Oil and gas air pollution in the U.S. linked to tens of thousands of early deaths, study finds
Air pollution from U.S. oil and gas activity contributed to an estimated 91,000 premature deaths in 2017, with minority communities facing the heaviest health burdens, according to new peer-reviewed research.
Sharon Udasin reports for The Hill.
In short:
- The study found that nearly 90% of childhood asthma cases tied to nitrogen dioxide came from oil and gas operations.
- The end-use phase of oil and gas — including residential, commercial, and industrial combustion — caused 96% of the health burden.
- Native American and Hispanic communities were most impacted by early stages of fossil fuel development, while Black and Asian communities bore the brunt of downstream and consumer use pollution.
Key quote:
“These communities are already aware of this unjust exposure and the disproportionately large health burdens they experience.”
— Eloise Marais, geography professor at the University College of London and senior author of the study
Why this matters:
The health costs of fossil fuel pollution are not shared equally.
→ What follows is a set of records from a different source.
lemma null_perp_count_iso_rep_sum:
  assumes al: "\<alpha> \<in> carrier R" and be: "\<beta> \<in> carrier R"
  shows "null_perp_count (Suc (Suc (Suc m))) (iso_rep m \<alpha> \<beta>) = (\<Sum>c\<in>carrier R. \<Sum>b\<in>carrier R. \<Sum>a\<in>carrier R.
            if (a \<otimes> \<alpha> \<oplus> b \<otimes> \<beta>) \<oplus> c = \<zero> then sphere_count m (\<ominus> ((a \<otimes> a \<oplus> b \<otimes> b) \<oplus> c \<otimes> c)) else 0)"
  unfolding null_perp_count_def card_fvecs_Suc_Suc_Suc
proof (intro sum.cong[OF refl])
  fix a b c assume c: "c \<in> carrier R" and b: "b \<in> carrier R" and a: "a \<in> carrier R"
  let ?x = "\<lambda>z. ((z(m := a))(Suc m := b))(Suc (Suc m) := c)"
  have "{z \<in> fvecs R m. dot (Suc (Suc (Suc m))) (?x z) (?x z) = \<zero> \<and> dot (Suc (Suc (Suc m))) (?x z) (iso_rep m \<alpha> \<beta>) = \<zero>}
      = {z \<in> fvecs R m. dot m z z = \<ominus> ((a \<otimes> a \<oplus> b \<otimes> b) \<oplus> c \<otimes> c) \<and> (a \<otimes> \<alpha> \<oplus> b \<otimes> \<beta>) \<oplus> c = \<zero>}"
  proof (rule Collect_cong)
    fix z
    show "(z \<in> fvecs R m \<and> dot (Suc (Suc (Suc m))) (?x z) (?x z) = \<zero> \<and> dot (Suc (Suc (Suc m))) (?x z) (iso_rep m \<alpha> \<beta>) = \<zero>) =
          (z \<in> fvecs R m \<and> dot m z z = \<ominus> ((a \<otimes> a \<oplus> b \<otimes> b) \<oplus> c \<otimes> c) \<and> (a \<otimes> \<alpha> \<oplus> b \<otimes> \<beta>) \<oplus> c = \<zero>)"
    proof (cases "z \<in> fvecs R m")
      case True
      have zz: "dot m z z \<in> carrier R" using dot_closed[OF True True] .
      have e1: "dot (Suc (Suc (Suc m))) (?x z) (?x z) = dot m z z \<oplus> ((a \<otimes> a \<oplus> b \<otimes> b) \<oplus> c \<otimes> c)"
        using dot_upd3[OF True True a a b b c c] zz a b c by (simp add: a_assoc)
      have e2: "dot (Suc (Suc (Suc m))) (?x z) (iso_rep m \<alpha> \<beta>) = (a \<otimes> \<alpha> \<oplus> b \<otimes> \<beta>) \<oplus> c"
        unfolding iso_rep_def using dot_upd3[OF True zero_vec_fvecs a al b be c one_closed] dot_zero_vec[OF True] a b al be c by simp
      have "(dot m z z \<oplus> ((a \<otimes> a \<oplus> b \<otimes> b) \<oplus> c \<otimes> c) = \<zero>) = (dot m z z = \<zero> \<ominus> ((a \<otimes> a \<oplus> b \<otimes> b) \<oplus> c \<otimes> c))"
        using add_eq_iff_eq_minus[OF zz, of "(a \<otimes> a \<oplus> b \<otimes> b) \<oplus> c \<otimes> c" \<zero>] a b c by simp
      also have "\<zero> \<ominus> ((a \<otimes> a \<oplus> b \<otimes> b) \<oplus> c \<otimes> c) = \<ominus> ((a \<otimes> a \<oplus> b \<otimes> b) \<oplus> c \<otimes> c)" using a b c by algebra
      finally show ?thesis using e1 e2 True by simp
    qed simp
  qed
  thus "card {z \<in> fvecs R m. dot (Suc (Suc (Suc m))) (?x z) (?x z) = \<zero> \<and> dot (Suc (Suc (Suc m))) (?x z) (iso_rep m \<alpha> \<beta>) = \<zero>} =
        (if (a \<otimes> \<alpha> \<oplus> b \<otimes> \<beta>) \<oplus> c = \<zero> then sphere_count m (\<ominus> ((a \<otimes> a \<oplus> b \<otimes> b) \<oplus> c \<otimes> c)) else 0)"
    unfolding sphere_count_def by simp
qed
(* Let $d\ge1$ and let $f(t)=1+\sum_{i=1}^{d}\binom{x_i}{i}t^{i}$ be a polynomial of degree $d$ with positive real coefficients, where $x_i\ge i-1$ are real numbers, and suppose $x_d\ge d$. If all roots of $f(t)$ are real, then $x_1\ge x_2\ge\cdots\ge x_d$.
   Context: For real $x$ and integer $k\ge0$, $\binom{x}{k}=\frac{x(x-1)\cdots(x-k+1)}{k!}$; for each $k\ge1$ and real $y>0$ there is a unique real $x\ge k-1$ with $\binom{x}{k}=y$. *)

theory Defs
  imports "HOL-Analysis.Analysis" "HOL-Computational_Algebra.Polynomial"
begin

definition binpoly :: "nat \<Rightarrow> (nat \<Rightarrow> real) \<Rightarrow> real poly" where
  "binpoly d x = 1 + (\<Sum>i=1..d. monom (x i gchoose i) i)"

end

theory Submission
  imports Defs "HOL-Computational_Algebra.Fundamental_Theorem_Algebra"
begin

(* Newton's inequalities make the normalised coefficients b_k = a_k / (d choose k) of a
   real-rooted polynomial with positive coefficients log-concave, and since b_0 = 1 this gives
   Maclaurin's inequalities b_j^(1/j) <= b_i^(1/i) for i <= j.  For y >= d, however, the ratios
   (y choose k) / (d choose k) have increasing k-th roots.  So if x_j >= d and x_i < x_j with
   i < j, then b_i^(1/i) < ((x_j choose i) / (d choose i))^(1/i) <= b_j^(1/j), a contradiction.
   Taking j = d first gives x_i >= d for every i, and then the claim for all pairs. *)

definition real_rooted :: "complex poly \<Rightarrow> bool" where
  "real_rooted p \<longleftrightarrow> (\<forall>z. poly p z = 0 \<longrightarrow> z \<in> \<real>)"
Across the U.S., low-income neighborhoods and communities of color are more likely to sit near refineries, highways, and industrial zones where harmful emissions concentrate. These pollutants — including PM 2.5, nitrogen dioxide, and ozone — can trigger asthma, heart disease, cancer, and premature birth. Over time, the chronic exposure chips away at quality of life and deepens existing health inequities. The study’s findings also suggest these effects don’t stop at the border: Thousands of early deaths in Canada and Mexico may be tied to U.S. oil and gas pollution.